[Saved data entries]
┌──

lemma word_act_nf_word: "q \<noteq> 0 \<Longrightarrow> word_act q (nf_word m k m') 0 = of_int k * of_int q powi (- int m)"
  by (simp add: nf_word_def power_int_minus divide_inverse)

lemma bs_b_pow_mult_nf_word:
  "bs_b q [^]\<^bsub>BS q\<^esub> j \<otimes>\<^bsub>BS q\<^esub> bs_class q (nf_word m k m') = bs_class q (nf_word m (q ^ m * j + k) m')"
proof -
  have "bs_b q [^]\<^bsub>BS q\<^esub> j \<otimes>\<^bsub>BS q\<^esub> inv\<^bsub>BS q\<^esub> (bs_a q [^]\<^bsub>BS q\<^esub> m)
      = inv\<^bsub>BS q\<^esub> (bs_a q [^]\<^bsub>BS q\<^esub> m) \<otimes>\<^bsub>BS q\<^esub> bs_b q [^]\<^bsub>BS q\<^esub> (q ^ m * j)"
    by (simp add: BS.m_assoc flip: bs_conj_a_pow)
  thus ?thesis by (simp add: bs_class_nf_word BS.int_pow_mult flip: BS.m_assoc)
qed

lemma gen_mult_nf_word: "\<exists>m1 k1 m1'. bs_class q [c] \<otimes>\<^bsub>BS q\<^esub> bs_class q (nf_word m k m') = bs_class q (nf_word m1 k1 m1')"
proof (cases c)
  case Ga
  show ?thesis
  proof (cases m)
    case 0
    have "bs_b q [^]\<^bsub>BS q\<^esub> (q * k) \<otimes>\<^bsub>BS q\<^esub> bs_a q
        = bs_a q \<otimes>\<^bsub>BS q\<^esub> bs_b q [^]\<^bsub>BS q\<^esub> k \<otimes>\<^bsub>BS q\<^esub> inv\<^bsub>BS q\<^esub> (bs_a q) \<otimes>\<^bsub>BS q\<^esub> bs_a q"
      using bs_conj_a_pow[of q 1 k] by simp
    hence "bs_a q \<otimes>\<^bsub>BS q\<^esub> bs_b q [^]\<^bsub>BS q\<^esub> k = bs_b q [^]\<^bsub>BS q\<^esub> (q * k) \<otimes>\<^bsub>BS q\<^esub> bs_a q"
      by (simp add: BS.m_assoc)
    hence "bs_class q [c] \<otimes>\<^bsub>BS q\<^esub> bs_class q (nf_word m k m') = bs_class q (nf_word 0 (q * k) (Suc m'))"
      unfolding Ga 0
      by (simp add: bs_class_nf_word BS.nat_pow_Suc2 del: nat_pow_Suc BS.nat_pow_Suc flip: BS.m_assoc)
    thus ?thesis by blast
  next
    case (Suc m0)
    have "bs_class q [c] \<otimes>\<^bsub>BS q\<^esub> bs_class q (nf_word m k m') = bs_class q (nf_word m0 k m')"
      unfolding Ga Suc by (simp add: bs_class_nf_word BS.inv_mult_group flip: BS.m_assoc)
    thus ?thesis by blast
  qed
next
  case Gai
  have "bs_class q [c] \<otimes>\<^bsub>BS q\<^esub> bs_class q (nf_word m k m') = bs_class q (nf_word (Suc m) k m')"
    using bs_class_gen_inv[of q Ga] unfolding Gai
    by (simp add: bs_class_nf_word BS.inv_mult_group flip: BS.m_assoc)
  thus ?thesis by blast
next
  case Gb
  thus ?thesis using bs_b_pow_mult_nf_word[of q 1 m k m'] by auto
next
  case Gbi
  thus ?thesis using bs_b_pow_mult_nf_word[of q "-1" m k m'] bs_class_gen_inv[of q Gb]
    by (auto simp: BS.int_pow_neg)
qed

lemma BS_normal_form: "g \<in> carrier (BS q) \<Longrightarrow> \<exists>m k m'. g = bs_class q (nf_word m k m')"
proof -
  have "\<exists>m k m'. bs_class q w = bs_class q (nf_word m k m')" for w
  proof (induction w)
    case Nil
    have "bs_class q [] = bs_class q (nf_word 0 0 0)" by (simp add: nf_word_def bpow_def)
    thus ?case by blast
  next
    case (Cons c w)
    then obtain m k m' where w: "bs_class q w = bs_class q (nf_word m k m')" by blast
    have "bs_class q (c # w) = bs_class q [c] \<otimes>\<^bsub>BS q\<^esub> bs_class q (nf_word m k m')"
      unfolding w[symmetric] by (simp add: BS_mult)
    thus ?case using gen_mult_nf_word by metis
  qed
  thus "g \<in> carrier (BS q) \<Longrightarrow> ?thesis" by (auto simp: BS_carrier)
qed

lemma BS_eq_one_iff:
  assumes "q \<noteq> 0" "g \<in> carrier (BS q)"
  shows "g = \<one>\<^bsub>BS q\<^esub> \<longleftrightarrow> bs_exp g = 0 \<and> bs_transl q g = 0"
proof
  assume triv: "bs_exp g = 0 \<and> bs_transl q g = 0"
  obtain m k m' where g: "g = bs_class q (nf_word m k m')" using BS_normal_form[OF assms(2)] by blast
  have "m' = m" "k = 0" using triv assms(1) by (simp_all add: g word_act_nf_word)
  thus "g = \<one>\<^bsub>BS q\<^esub>" by (simp add: g bs_class_nf_word)
qed (use assms in simp)

lemma BS_eq_iff:
  assumes "q \<noteq> 0" "g \<in> carrier (BS q)" "h \<in> carrier (BS q)"
  shows "g = h \<longleftrightarrow> bs_exp g = bs_exp h \<and> bs_transl q g = bs_transl q h"
proof
  assume "bs_exp g = bs_exp h \<and> bs_transl q g = bs_transl q h"
  hence "inv\<^bsub>BS q\<^esub> g \<otimes>\<^bsub>BS q\<^esub> h = \<one>\<^bsub>BS q\<^esub>"
    using assms by (simp add: BS_eq_one_iff bs_exp_mult bs_exp_inv bs_transl_mult bs_transl_inv)
  thus "g = h" using assms(2,3) by (metis BS.inv_closed BS.inv_equality BS.inv_inv)
qed simp

lemma bs_b_zero: "bs_b 0 = \<one>\<^bsub>BS 0\<^esub>"
proof -
  have "bs_a 0 \<otimes>\<^bsub>BS 0\<^esub> bs_b 0 \<otimes>\<^bsub>BS 0\<^esub> inv\<^bsub>BS 0\<^esub> (bs_a 0) = \<one>\<^bsub>BS 0\<^esub>"
    using bs_relation[of 0] by simp
  hence "bs_a 0 \<otimes>\<^bsub>BS 0\<^esub> bs_b 0 = bs_a 0"
    by (metis BS.inv_closed BS.inv_equality BS.inv_inv BS.m_closed bs_class_in_carrier)
  thus ?thesis by simp
qed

└──

◆ The task: Answer with the count alone: how many lines in the data above have "assumes" in them?

◆ Reply: 2